(* Let $F$ be the elementary cellular automaton with rule number 28. For every nonempty finite word $u\in\{0,1\}^*$, the deterministic communication complexity of $\textsc{SInv}_{F,u}$ restricted to inputs of length $n$ is bounded by a constant independent of $n$.
   Context: An elementary cellular automaton (ECA) with rule number $N\in\{0,\dots,255\}$ is the map $F:\{0,1\}^{\mathbb Z}\to\{0,1\}^{\mathbb Z}$ given by $F(x)_i=f(x_{i-1},x_i,x_{i+1})$. Here the local rule $f:\{0,1\}^3\to\{0,1\}$ is determined by $N=\sum_{a,b,c\in\{0,1\}}2^{4a+2b+c}f(a,b,c)$. For a nonempty finite word $u$, $p_u\in\{0,1\}^{\mathbb Z}$ is defined by $(p_u)_i=u_{i\bmod |u|}$. For a finite word $x$, $p_u[x]$ is the configuration equal to $x$ on positions $0,\dots,|x|-1$ and to $p_u$ elsewhere. $\textsc{SInv}_{F,u}$ is the decision problem: on input a finite word $x$, decide whether there is an integer $w$ such that for all $t\ge0$ the set of positions where $F^t(p_u)$ and $F^t(p_u[x])$ differ is contained in an interval of length $w$. For each $n$, it is regarded as a function $\{0,1\}^n\to\{0,1\}$. For a function $g:X\times Y\to Z$, $D(g)$ is the minimal depth of a deterministic two-party protocol computing $g$. In such a protocol, Alice knows $x$ and Bob knows $y$. The protocol is a binary tree: each internal node is labelled by a function of Alice's input only or of Bob's input only, with values in $\{\text{left},\text{right}\}$, and each leaf is labelled by an output value. For $g:\{0,1\}^m\to Z$, set $D(g)=\max_{0\le i<m}D(g_i)$, where $g_i:\{0,1\}^i\times\{0,1\}^{m-i}\to Z$ is $g_i(x,y)=g(xy)$. *)

theory Defs
  imports Main
begin

text \<open>Configurations in {0,1}^Z are modelled as int => bool (True = 1).
  Finite words are bool lists.\<close>

type_synonym config = "int \<Rightarrow> bool"

definition b2n :: "bool \<Rightarrow> nat" where
  "b2n b = (if b then 1 else 0)"

definition eca_local :: "nat \<Rightarrow> bool \<Rightarrow> bool \<Rightarrow> bool \<Rightarrow> bool" where
  "eca_local N a b c = odd (N div 2 ^ (4 * b2n a + 2 * b2n b + b2n c))"

definition eca :: "nat \<Rightarrow> config \<Rightarrow> config" where
  "eca N x = (\<lambda>i. eca_local N (x (i - 1)) (x i) (x (i + 1)))"

definition periodic :: "bool list \<Rightarrow> config" where
  "periodic u = (\<lambda>i. u ! nat (i mod int (length u)))"

definition patch :: "bool list \<Rightarrow> bool list \<Rightarrow> config" where
  "patch u x = (\<lambda>i. if 0 \<le> i \<and> i < int (length x) then x ! nat i else periodic u i)"

definition SInv :: "nat \<Rightarrow> bool list \<Rightarrow> bool list \<Rightarrow> bool" where
  "SInv N u x = (\<exists>w::nat. \<forall>t::nat. \<exists>a::int.
     {i. (eca N ^^ t) (periodic u) i \<noteq> (eca N ^^ t) (patch u x) i} \<subseteq> {a..<a + int w})"

datatype ('a, 'b, 'z) protocol =
    Leaf 'z
  | AliceNode "'a \<Rightarrow> bool" "('a, 'b, 'z) protocol" "('a, 'b, 'z) protocol"
  | BobNode "'b \<Rightarrow> bool" "('a, 'b, 'z) protocol" "('a, 'b, 'z) protocol"

fun run :: "('a, 'b, 'z) protocol \<Rightarrow> 'a \<Rightarrow> 'b \<Rightarrow> 'z" where
  "run (Leaf z) x y = z"
| "run (AliceNode f l r) x y = (if f x then run l x y else run r x y)"
| "run (BobNode f l r) x y = (if f y then run l x y else run r x y)"

fun depth :: "('a, 'b, 'z) protocol \<Rightarrow> nat" where
  "depth (Leaf z) = 0"
| "depth (AliceNode f l r) = Suc (max (depth l) (depth r))"
| "depth (BobNode f l r) = Suc (max (depth l) (depth r))"

definition D_split :: "(bool list \<Rightarrow> 'z) \<Rightarrow> nat \<Rightarrow> nat \<Rightarrow> nat" where
  "D_split g m i = (LEAST d. \<exists>P :: (bool list, bool list, 'z) protocol. depth P = d \<and>
      (\<forall>x y. length x = i \<longrightarrow> length y = m - i \<longrightarrow> run P x y = g (x @ y)))"

definition D :: "(bool list \<Rightarrow> 'z) \<Rightarrow> nat \<Rightarrow> nat" where
  "D g m = Max (insert 0 {D_split g m i | i. i < m})"

end

theory Submission
  imports Defs
begin

text \<open>
  Rule 28 acts by  F(x)_i = (if x_(i-1) then \<not>x_i \<and> \<not>x_(i+1) else x_i).
  The pattern 01 at positions i-1, i (a "wall" at i) is never destroyed, and it
  separates the dynamics: cells at or right of i-1 evolve independently of the cells
  left of them, and cells at or left of i evolve independently of the cells right of i.
  Hence, if the background p_u contains both letters, p_u has walls on both sides of
  the patch and every patch x is stably invariant.  If p_u is constantly 0 (resp. 1),
  then the orbit of p_u is 0 (from time 1 on), and a patch containing a 1 (resp. a 0)
  produces a finite nonzero configuration whose leftmost 1 is a wall that never moves,
  while its rightmost 1 moves right at speed one; so the difference is unbounded.
  In all cases SInv_{28,u}(x) says "every letter of x satisfies R" for a fixed R, and a
  two-bit protocol (Alice and Bob each announce whether their part satisfies R)
  computes it.
\<close>

lemma eca_local_28: "eca_local 28 a b c = (if a then \<not> b \<and> \<not> c else b)"
  by (cases a; cases b; cases c) (simp_all add: eca_local_def b2n_def)

lemma eca28: "eca 28 x i = (if x (i - 1) then \<not> x i \<and> \<not> x (i + 1) else x i)"
  by (simp add: eca_def eca_local_28)

lemma eca28_zero_fixed: "(eca 28 ^^ t) (\<lambda>_. False) = (\<lambda>_. False)"
  by (induction t) (auto simp: eca28 fun_eq_iff)

lemma eca28_one: "eca 28 (\<lambda>_. True) = (\<lambda>_. False)"
  by (simp add: fun_eq_iff eca28)

section \<open>Walls\<close>

definition wall :: "config \<Rightarrow> int \<Rightarrow> bool" where
  "wall x i \<longleftrightarrow> \<not> x (i - 1) \<and> x i"

lemma wall_persists: "wall x i \<Longrightarrow> wall ((eca 28 ^^ t) x) i"
  by (induction t) (auto simp: wall_def eca28)

lemma exists_wall:
  assumes "\<not> x a" "x b" "a \<le> b"
  shows "\<exists>i. wall x i"
proof (rule ccontr)
  assume "\<nexists>i. wall x i"
  then have step: "\<not> x i \<Longrightarrow> \<not> x (i + 1)" for i
    unfolding wall_def by (metis add_diff_cancel_right')
  have "\<not> x b" using \<open>a \<le> b\<close>
    by (induction b rule: int_ge_induct) (use assms(1) step in auto)
  then show False using assms(2) by simp
qed

text \<open>Right of a wall at w, the cells from w-1 on evolve on their own: cell w-1
  stays 0, and every further cell only sees cells from w-1 on.\<close>

lemma agree_right_of_wall_step:
  assumes "wall x w" "\<forall>j\<ge>w - 1. x j = y j"
  shows "\<forall>j\<ge>w - 1. eca 28 x j = eca 28 y j"
proof (intro allI impI)
  fix j assume j: "j \<ge> w - 1"
  show "eca 28 x j = eca 28 y j"
  proof (cases "j = w - 1")
    case True
    then show ?thesis using assms by (auto simp: eca28 wall_def)
  next
    case False
    then show ?thesis using assms(2) j by (simp add: eca28)
  qed
qed

lemma agree_right_of_wall:
  assumes "wall x w" "\<forall>j\<ge>w - 1. x j = y j"
  shows "\<forall>j\<ge>w - 1. (eca 28 ^^ t) x j = (eca 28 ^^ t) y j"
proof (induction t)
  case 0 then show ?case using assms(2) by simp
next
  case (Suc t)
  show ?case using agree_right_of_wall_step[OF wall_persists[OF assms(1)] Suc] by simp
qed

text \<open>Left of a wall at w, the cells up to w evolve on their own: cell w stays 1,
  and every cell left of it only sees cells up to w.\<close>

lemma agree_left_of_wall_step:
  assumes "wall x w" "\<forall>j\<le>w. x j = y j"
  shows "\<forall>j\<le>w. eca 28 x j = eca 28 y j"
proof (intro allI impI)
  fix j assume j: "j \<le> w"
  show "eca 28 x j = eca 28 y j"
  proof (cases "j = w")
    case True
    then show ?thesis using assms by (auto simp: eca28 wall_def)
  next
    case False
    then show ?thesis using assms(2) j by (simp add: eca28)
  qed
qed

lemma agree_left_of_wall:
  assumes "wall x w" "\<forall>j\<le>w. x j = y j"
  shows "\<forall>j\<le>w. (eca 28 ^^ t) x j = (eca 28 ^^ t) y j"
proof (induction t)
  case 0 then show ?case using assms(2) by simp
next
  case (Suc t)
  show ?case using agree_left_of_wall_step[OF wall_persists[OF assms(1)] Suc] by simp
qed

definition bounded_diff :: "nat \<Rightarrow> config \<Rightarrow> config \<Rightarrow> bool" where
  "bounded_diff N x y \<longleftrightarrow> (\<exists>w::nat. \<forall>t::nat. \<exists>a::int.
     {i. (eca N ^^ t) x i \<noteq> (eca N ^^ t) y i} \<subseteq> {a..<a + int w})"

lemma SInv_iff_bounded_diff: "SInv N u x \<longleftrightarrow> bounded_diff N (periodic u) (patch u x)"
  by (simp add: SInv_def bounded_diff_def)

lemma bounded_diff_refl: "bounded_diff N x x"
  unfolding bounded_diff_def by (rule exI[of _ 0]) simp

lemma bounded_diff_step: "bounded_diff N x y \<Longrightarrow> bounded_diff N (eca N x) (eca N y)"
  unfolding bounded_diff_def by (metis funpow_Suc_right o_apply)

lemma walls_confine_diff:
  assumes "wall x l" "wall x r" "\<forall>j. j \<le> l \<or> r - 1 \<le> j \<longrightarrow> x j = y j"
  shows "bounded_diff 28 x y"
proof -
  have left: "\<forall>j\<le>l. x j = y j" and right: "\<forall>j\<ge>r - 1. x j = y j"
    using assms(3) by auto
  have "{j. (eca 28 ^^ t) x j \<noteq> (eca 28 ^^ t) y j} \<subseteq> {l + 1..<r - 1}" for t
  proof
    fix j assume "j \<in> {j. (eca 28 ^^ t) x j \<noteq> (eca 28 ^^ t) y j}"
    then have "\<not> j \<le> l" "\<not> r - 1 \<le> j"
      using agree_left_of_wall[OF assms(1) left, of t] agree_right_of_wall[OF assms(2) right, of t]
      by auto
    then show "j \<in> {l + 1..<r - 1}" by simp
  qed
  moreover have "{l + 1..<r - 1} \<subseteq> {l + 1..<(l + 1) + int (nat (r - l))}" by auto
  ultimately show ?thesis unfolding bounded_diff_def by (meson order_trans)
qed

lemma rightmost_one_moves:
  assumes "q r" "\<forall>j>r. \<not> q j"
  shows "(eca 28 ^^ t) q (r + int t) \<and> (\<forall>j > r + int t. \<not> (eca 28 ^^ t) q j)"
proof (induction t)
  case 0 then show ?case using assms by simp
next
  case (Suc t)
  let ?Q = "(eca 28 ^^ t) q"
  have "eca 28 ?Q (r + int t + 1)" using Suc eca28[of ?Q "r + int t + 1"] by simp
  moreover have "\<not> eca 28 ?Q j" if "j > r + int t + 1" for j
    using Suc that eca28[of ?Q j] by simp
  ultimately show ?case by (simp add: add.assoc add.commute[of 1])
qed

What to do
When you reach the line that contains "x y \<longleftrightarrow>" in the material above, please copy it and every line after it exactly, stopping only at the last line.

Task result
  "bounded_diff N x y \<longleftrightarrow> (\<exists>w::nat. \<forall>t::nat. \<exists>a::int.
     {i. (eca N ^^ t) x i \<noteq> (eca N ^^ t) y i} \<subseteq> {a..<a + int w})"

lemma SInv_iff_bounded_diff: "SInv N u x \<longleftrightarrow> bounded_diff N (periodic u) (patch u x)"
  by (simp add: SInv_def bounded_diff_def)

lemma bounded_diff_refl: "bounded_diff N x x"
  unfolding bounded_diff_def by (rule exI[of _ 0]) simp

lemma bounded_diff_step: "bounded_diff N x y \<Longrightarrow> bounded_diff N (eca N x) (eca N y)"
  unfolding bounded_diff_def by (metis funpow_Suc_right o_apply)

lemma walls_confine_diff:
  assumes "wall x l" "wall x r" "\<forall>j. j \<le> l \<or> r - 1 \<le> j \<longrightarrow> x j = y j"
  shows "bounded_diff 28 x y"
proof -
  have left: "\<forall>j\<le>l. x j = y j" and right: "\<forall>j\<ge>r - 1. x j = y j"
    using assms(3) by auto
  have "{j. (eca 28 ^^ t) x j \<noteq> (eca 28 ^^ t) y j} \<subseteq> {l + 1..<r - 1}" for t
  proof
    fix j assume "j \<in> {j. (eca 28 ^^ t) x j \<noteq> (eca 28 ^^ t) y j}"
    then have "\<not> j \<le> l" "\<not> r - 1 \<le> j"
      using agree_left_of_wall[OF assms(1) left, of t] agree_right_of_wall[OF assms(2) right, of t]
      by auto
    then show "j \<in> {l + 1..<r - 1}" by simp
  qed
  moreover have "{l + 1..<r - 1} \<subseteq> {l + 1..<(l + 1) + int (nat (r - l))}" by auto
  ultimately show ?thesis unfolding bounded_diff_def by (meson order_trans)
qed

lemma rightmost_one_moves:
  assumes "q r" "\<forall>j>r. \<not> q j"
  shows "(eca 28 ^^ t) q (r + int t) \<and> (\<forall>j > r + int t. \<not> (eca 28 ^^ t) q j)"
proof (induction t)
  case 0 then show ?case using assms by simp
next
  case (Suc t)
  let ?Q = "(eca 28 ^^ t) q"
  have "eca 28 ?Q (r + int t + 1)" using Suc eca28[of ?Q "r + int t + 1"] by simp
  moreover have "\<not> eca 28 ?Q j" if "j > r + int t + 1" for j
    using Suc that eca28[of ?Q j] by simp
  ultimately show ?case by (simp add: add.assoc add.commute[of 1])
qed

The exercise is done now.